Quanto custa deixar um imóvel vazio na Grande Porto Alegre?

Tem uma conta que muitos proprietários fazem quando um imóvel fica desocupado: “Pelo menos, enquanto não alugo, não tenho grandes despesas.”

Na prática, não é bem assim.

Um apartamento vazio continua gerando condomínio, IPTU, taxas, manutenção e, dependendo da situação, contas mínimas de serviços. Só que existe um custo ainda maior e menos visível: o aluguel que deixa de entrar.

É por isso que, quando alguém me pergunta quanto custa deixar um imóvel vazio na Grande Porto Alegre, eu prefiro não olhar apenas para os boletos. Vacância tem dois custos: o dinheiro que sai e a renda que não entra.

E a soma pode surpreender.

O condomínio não fica vazio junto com o apartamento

Imagine um apartamento fechado há três meses. Ninguém usa o elevador para chegar até ele, ninguém toma banho ali e as luzes estão apagadas.

Ainda assim, o prédio continua funcionando.

Há limpeza das áreas comuns, elevadores, portaria quando existente, manutenção, seguro, iluminação, administração, conservação e uma série de despesas que pertencem ao condomínio como um todo.

O Código Civil estabelece como dever do condômino contribuir para as despesas do condomínio na proporção de sua fração ideal, salvo disposição diferente na convenção. Em outras palavras, deixar o apartamento desocupado não elimina a obrigação condominial.

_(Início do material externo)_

(* For every finite field $\mathbb{F}_q$, the eigenvalues of the adjacency matrix of the unit-graph on $\operatorname{Mat}_2(\mathbb{F}_q)$ are exactly: $q^4-q^3-q^2+q$ with multiplicity $1$, $q$ with multiplicity $q^4-q^3-q^2+q$, and $q-q^2$ with multiplicity $q^3+q^2-q-1$.
   Context: The unit-graph on $\operatorname{Mat}_2(\mathbb{F}_q)$ is the graph with vertex set $\operatorname{Mat}_2(\mathbb{F}_q)$ in which $A$ and $B$ are adjacent iff $B - A \in \operatorname{GL}_2(\mathbb{F}_q)$. *)

theory Defs
  imports "HOL-Analysis.Analysis" "HOL-Computational_Algebra.Polynomial"
begin

definition unit_graph_adj :: "'a::field ^2^2 \<Rightarrow> 'a ^2^2 \<Rightarrow> bool" where
  "unit_graph_adj A B \<longleftrightarrow> invertible (B - A)"

definition unit_graph_adjmat :: "real ^ ('a::{field,finite} ^2^2) ^ ('a ^2^2)" where
  "unit_graph_adjmat = (\<chi> A B. if unit_graph_adj A B then 1 else 0)"

definition charpoly :: "real ^'n::finite ^'n \<Rightarrow> real poly" where
  "charpoly M = det (\<chi> i j. (if i = j then [:0, 1:] else 0) - [:M $ i $ j:])"

end

theory Submission
  imports Defs
begin

(* The unit-graph is strongly regular.  Its adjacency matrix M has constant line sums
   k = |GL_2(F_q)|, and the number of common neighbours of A and C is the number of
   splittings C - A = X + Y into invertible X, Y; by inclusion-exclusion this depends only
   on the number of splittings into singular ones, which is invariant under D |-> P D Q
   (P, Q invertible) and hence depends only on the rank of C - A.  Consequently (M - q I)(M - (q - q^2) I) is a
   multiple of the all-ones matrix J.  The algebra spanned by I, M and J then contains three
   orthogonal idempotents that factor x I - M, and their traces are the multiplicities. *)

section \<open>Characteristic polynomials from idempotents\<close>

lemma poly_det:
  fixes A :: "real poly ^'n::finite^'n"
  shows "poly (det A) x = det (\<chi> i j. poly (A $ i $ j) x)"
  unfolding det_def by (simp add: poly_sum poly_prod of_int_poly)

lemma coeff_1_prod_linear:
  fixes a :: "'i \<Rightarrow> real"
  assumes "finite S"
  shows "coeff (\<Prod>i\<in>S. [:1, a i:]) 1 = (\<Sum>i\<in>S. a i)"
proof -
  have "coeff (\<Prod>i\<in>S. [:1, a i:]) 1 = (\<Sum>i\<in>S. a i) \<and> coeff (\<Prod>i\<in>S. [:1, a i:]) 0 = 1"
    using assms
  proof (induction S rule: finite_induct)
    case (insert x F)
    let ?p = "\<Prod>i\<in>F. [:1, a i:]"
    have "(\<Prod>i\<in>insert x F. [:1, a i:]) = ?p + pCons 0 (smult (a x) ?p)"
      using insert by (simp add: algebra_simps)
    then show ?case using insert by (simp add: coeff_pCons)
  qed simp
  then show ?thesis ..
qed

text \<open>Only the identity permutation contributes to the linear coefficient: any other
  permutation moves two indices, and each moved index contributes a factor divisible by X.\<close>
lemma coeff_1_det_one_plus_X:
  fixes E :: "real^'n::finite^'n"
  shows "coeff (det (\<chi> i j. [:if i = j then 1 else 0, E $ i $ j:])) 1 = trace E"
proof -
  let ?A = "(\<chi> i j. [:if i = j then 1 else 0, E $ i $ j:]) :: real poly^'n^'n"
  let ?term = "\<lambda>p. of_int (sign p) * (\<Prod>i\<in>UNIV. ?A $ i $ p i)"
  have vanish: "coeff (?term p) 1 = 0" if p: "p permutes UNIV" "p \<noteq> id" for p
  proof -
    obtain i where i: "p i \<noteq> i" using p(2) by (metis eq_id_iff)
    have pj: "p (p i) \<noteq> p i" using i p(1) by (metis permutes_inj injD)
    have "(\<Prod>k\<in>UNIV. ?A $ k $ p k) = ?A $ i $ p i * (\<Prod>k\<in>UNIV - {i}. ?A $ k $ p k)"
      by (meson finite UNIV_I prod.remove)
    also have "(\<Prod>k\<in>UNIV - {i}. ?A $ k $ p k)
        = ?A $ p i $ p (p i) * (\<Prod>k\<in>UNIV - {i} - {p i}. ?A $ k $ p k)"
      using i by (intro prod.remove) auto
    finally have "(\<Prod>k\<in>UNIV. ?A $ k $ p k) = [:0, E $ i $ p i:] * [:0, E $ p i $ p (p i):]
        * (\<Prod>k\<in>UNIV - {i} - {p i}. ?A $ k $ p k)"
      using i pj by (simp add: mult.assoc)
    then show ?thesis by (simp add: of_int_poly coeff_pCons)
  qed
  have "coeff (det ?A) 1 = (\<Sum>p\<in>{p. p permutes UNIV}. coeff (?term p) 1)"
    unfolding det_def by (simp add: coeff_sum)
  also have "\<dots> = (\<Sum>p\<in>{id}. coeff (?term p) 1)"
    using vanish by (intro sum.mono_neutral_right) (auto simp: finite_permutations permutes_id)
  also have "\<dots> = trace E"
    using coeff_1_prod_linear[of UNIV "\<lambda>i. E $ i $ i"] by (simp add: sign_id trace_def)
  finally show ?thesis .
qed

lemma poly_multiplicative_eq_power:
  fixes Q :: "real poly"
  assumes mult: "\<And>u v. poly Q (u * v) = poly Q u * poly Q v" and one: "poly Q 1 = 1"
  shows "poly Q u = u ^ degree Q"
proof -
  have "coeff Q (degree Q) \<noteq> 0" using one by auto
  moreover have "Q \<circ>\<^sub>p [:0, u:] = smult (poly Q u) Q"
    by (rule poly_eq_poly_eq_iff[THEN iffD1]) (auto simp: poly_pcompose mult)
  then have "u ^ degree Q * coeff Q (degree Q) = poly Q u * coeff Q (degree Q)"
    by (metis coeff_pcompose_linear coeff_smult)
  ultimately show ?thesis by simp
qed

lemma matrix_add_rdistrib:
  fixes A B C :: "'a::semiring_1^'n::finite^'n"
  shows "(A + B) ** C = A ** C + B ** C"
  by (simp add: matrix_matrix_mult_def vec_eq_iff sum.distrib algebra_simps)

lemma one_plus_scaleR_idempotent_mult:
  fixes E :: "real^'n::finite^'n"
  assumes "E ** E = E"
  shows "(mat 1 + s *\<^sub>R E) ** (mat 1 + t *\<^sub>R E) = mat 1 + (s + t + s * t) *\<^sub>R E"
  using assms by (simp add: matrix_add_ldistrib matrix_add_rdistrib matrix_scalar_ac
      scalar_matrix_assoc[symmetric] algebra_simps)

text \<open>The map \<open>u \<mapsto> det (I + (u - 1) E)\<close> is a multiplicative polynomial, hence a
  monomial \<open>u ^ m\<close>, and \<open>m\<close> is read off from the linear coefficient of \<open>det (I + X E)\<close>.\<close>
lemma det_one_plus_scaleR_idempotent:
  fixes E :: "real^'n::finite^'n"
  assumes idem: "E ** E = E" and m: "real m = trace E"
  shows "det (mat 1 + s *\<^sub>R E) = (1 + s) ^ m"
proof -
  define P where "P = det ((\<chi> i j. [:if i = j then 1 else 0, E $ i $ j:]) :: real poly^'n^'n)"
  have poly_P: "poly P s = det (mat 1 + s *\<^sub>R E)" for s
    unfolding P_def poly_det by (intro arg_cong[where f=det]) (simp add: vec_eq_iff mat_def)
  define Q where "Q = P \<circ>\<^sub>p [:-1, 1:]"
  have poly_Q: "poly Q u = det (mat 1 + (u - 1) *\<^sub>R E)" for u
    by (simp add: Q_def poly_pcompose poly_P)
  have "poly Q (u * v) = poly Q u * poly Q v" for u v
  proof -
    have "u * v - 1 = (u - 1) + (v - 1) + (u - 1) * (v - 1)" by (simp add: algebra_simps)
    then show ?thesis
      by (simp only: poly_Q det_mul[symmetric] one_plus_scaleR_idempotent_mult[OF idem])
  qed
  moreover have "poly Q 1 = 1" by (simp add: poly_Q det_I)
  ultimately have Q_power: "poly Q u = u ^ degree Q" for u
    by (rule poly_multiplicative_eq_power)
  have "P = [:1, 1:] ^ degree Q"
    by (rule poly_eq_poly_eq_iff[THEN iffD1]) (auto simp: poly_P Q_power[symmetric] poly_Q)
  then have "trace E = coeff ([:1, 1:] ^ degree Q) 1"
    using coeff_1_det_one_plus_X[of E] by (simp add: P_def)
  also have "\<dots> = real (degree Q)"
    using coeff_linear_poly_power[of 1 "degree Q" "1::real" 1] by (cases "degree Q = 0") simp_all
  finally have "degree Q = m" using m by simp
  then show ?thesis using Q_power[of "1 + s"] by (simp add: poly_Q)
qed

text \<open>\<open>comb_IMJ M a b c\<close> is \<open>a I + b M + c J\<close>, where \<open>J\<close> is the all-ones matrix.\<close>
definition comb_IMJ :: "real^'n::finite^'n \<Rightarrow> real \<Rightarrow> real \<Rightarrow> real \<Rightarrow> real^'n^'n" where
  "comb_IMJ M a b c = (\<chi> i j. a * (if i = j then 1 else 0) + b * M $ i $ j + c)"

lemma comb_IMJ_eqI: "a = a' \<Longrightarrow> b = b' \<Longrightarrow> c = c' \<Longrightarrow> comb_IMJ M a b c = comb_IMJ M a' b' c'"
  by simp

lemma mat_one_plus_scaleR_comb_IMJ:
  "mat 1 + t *\<^sub>R comb_IMJ M a b c = comb_IMJ M (1 + t * a) (t * b) (t * c)"
  by (simp add: comb_IMJ_def mat_def vec_eq_iff algebra_simps)

lemma trace_comb_IMJ:
  "trace (comb_IMJ M a b c) = (a + c) * real CARD('n) + b * trace M"
  for M :: "real^'n::finite^'n"
  by (simp add: trace_def comb_IMJ_def sum.distrib sum_distrib_left algebra_simps)

lemma sum_delta_left_real: "(\<Sum>k\<in>UNIV. (if i = k then 1 else 0) * f k) = (f i :: real)"
  for i :: "'n::finite"
  by (simp add: if_distrib[of "\<lambda>x. x * _"] cong: if_cong)

lemma sum_delta_right_real: "(\<Sum>k\<in>UNIV. f k * (if k = j then 1 else 0)) = (f j :: real)"
  for j :: "'n::finite"
  by (simp add: if_distrib cong: if_cong)

lemma comb_IMJ_mult:
  fixes M :: "real^'n::finite^'n"
  assumes M2: "M ** M = comb_IMJ M \<beta> \<alpha> \<gamma>"
    and row: "\<And>i. (\<Sum>k\<in>UNIV. M $ i $ k) = \<kappa>" and col: "\<And>j. (\<Sum>k\<in>UNIV. M $ k $ j) = \<kappa>"
  shows "comb_IMJ M a b c ** comb_IMJ M a' b' c' = comb_IMJ M (a * a' + \<beta> * b * b')
    (a * b' + b * a' + \<alpha> * b * b') (a * c' + c * a' + \<gamma> * b * b' + \<kappa> * (b * c' + c * b')
      + real CARD('n) * c * c')"
proof -
  let ?d = "\<lambda>i k::'n. (if i = k then 1 else 0) :: real"
  have sq: "(\<Sum>k\<in>UNIV. M $ i $ k * M $ k $ j) = \<beta> * ?d i j + \<alpha> * M $ i $ j + \<gamma>" for i j
    using arg_cong[OF M2, of "\<lambda>X. X $ i $ j"] by (simp add: matrix_matrix_mult_def comb_IMJ_def)
  have "(\<Sum>k\<in>UNIV. (a * ?d i k + b * M $ i $ k + c) * (a' * ?d k j + b' * M $ k $ j + c'))
      = a * a' * (\<Sum>k\<in>UNIV. ?d i k * ?d k j) + a * b' * (\<Sum>k\<in>UNIV. ?d i k * M $ k $ j)
        + a * c' * (\<Sum>k\<in>UNIV. ?d i k) + b * a' * (\<Sum>k\<in>UNIV. M $ i $ k * ?d k j)
        + b * b' * (\<Sum>k\<in>UNIV. M $ i $ k * M $ k $ j) + b * c' * (\<Sum>k\<in>UNIV. M $ i $ k)
        + c * a' * (\<Sum>k\<in>UNIV. ?d k j) + c * b' * (\<Sum>k\<in>UNIV. M $ k $ j) + c * c' * real CARD('n)"
    for i j
  proof -
    have "(a * ?d i k + b * M $ i $ k + c) * (a' * ?d k j + b' * M $ k $ j + c')
        = a * a' * (?d i k * ?d k j) + a * b' * (?d i k * M $ k $ j) + a * c' * ?d i k
          + b * a' * (M $ i $ k * ?d k j) + b * b' * (M $ i $ k * M $ k $ j) + b * c' * M $ i $ k
          + c * a' * ?d k j + c * b' * M $ k $ j + c * c'" for k
      by (simp add: algebra_simps)
    then show ?thesis by (simp only: sum.distrib sum_distrib_left[symmetric]) simp
  qed
  also have "\<dots> i j = (a * a' + \<beta> * b * b') * ?d i j + (a * b' + b * a' + \<alpha> * b * b') * M $ i $ j
      + (a * c' + c * a' + \<gamma> * b * b' + \<kappa> * (b * c' + c * b') + real CARD('n) * c * c')" for i j
    by (simp only: sum_delta_left_real sum_delta_right_real sq row col) (simp add: algebra_simps)
  finally show ?thesis
    by (simp add: comb_IMJ_def matrix_matrix_mult_def vec_eq_iff)
qed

Esse é um ponto importante porque, durante uma locação, parte das despesas ordinárias costuma ser atribuída ao inquilino conforme a legislação e o contrato. Sem locatário, porém, não há com quem dividir essa conta: o proprietário continua responsável perante o condomínio.

A Lei do Inquilinato também faz uma distinção relevante entre despesas ordinárias e extraordinárias. As extraordinárias são de responsabilidade do locador durante a locação. Já as ordinárias podem ser atribuídas ao locatário nos termos legais. Com o imóvel vazio, essa diferença perde boa parte do efeito prático para o caixa do proprietário: a cobrança continua chegando.

IPTU também continua correndo

O mesmo raciocínio vale para o IPTU.

Um imóvel não deixa de ser tributado porque está sem morador. Em Porto Alegre, o IPTU residencial é calculado de forma progressiva, por faixas de valor venal. Para 2026, as alíquotas residenciais divulgadas pela Prefeitura partem de 0% na faixa inicial e avançam progressivamente até 0,85%, conforme o valor venal.

A própria Prefeitura dá um exemplo bastante útil: para um imóvel residencial com valor venal de R$ 500 mil, o IPTU calculado pelas faixas informadas resulta em R$ 1.959,35. Isso equivale a aproximadamente R$ 163 por mês quando simplesmente dividimos o imposto anual por 12 — antes de considerar a Taxa de Coleta de Lixo, que possui cálculo próprio.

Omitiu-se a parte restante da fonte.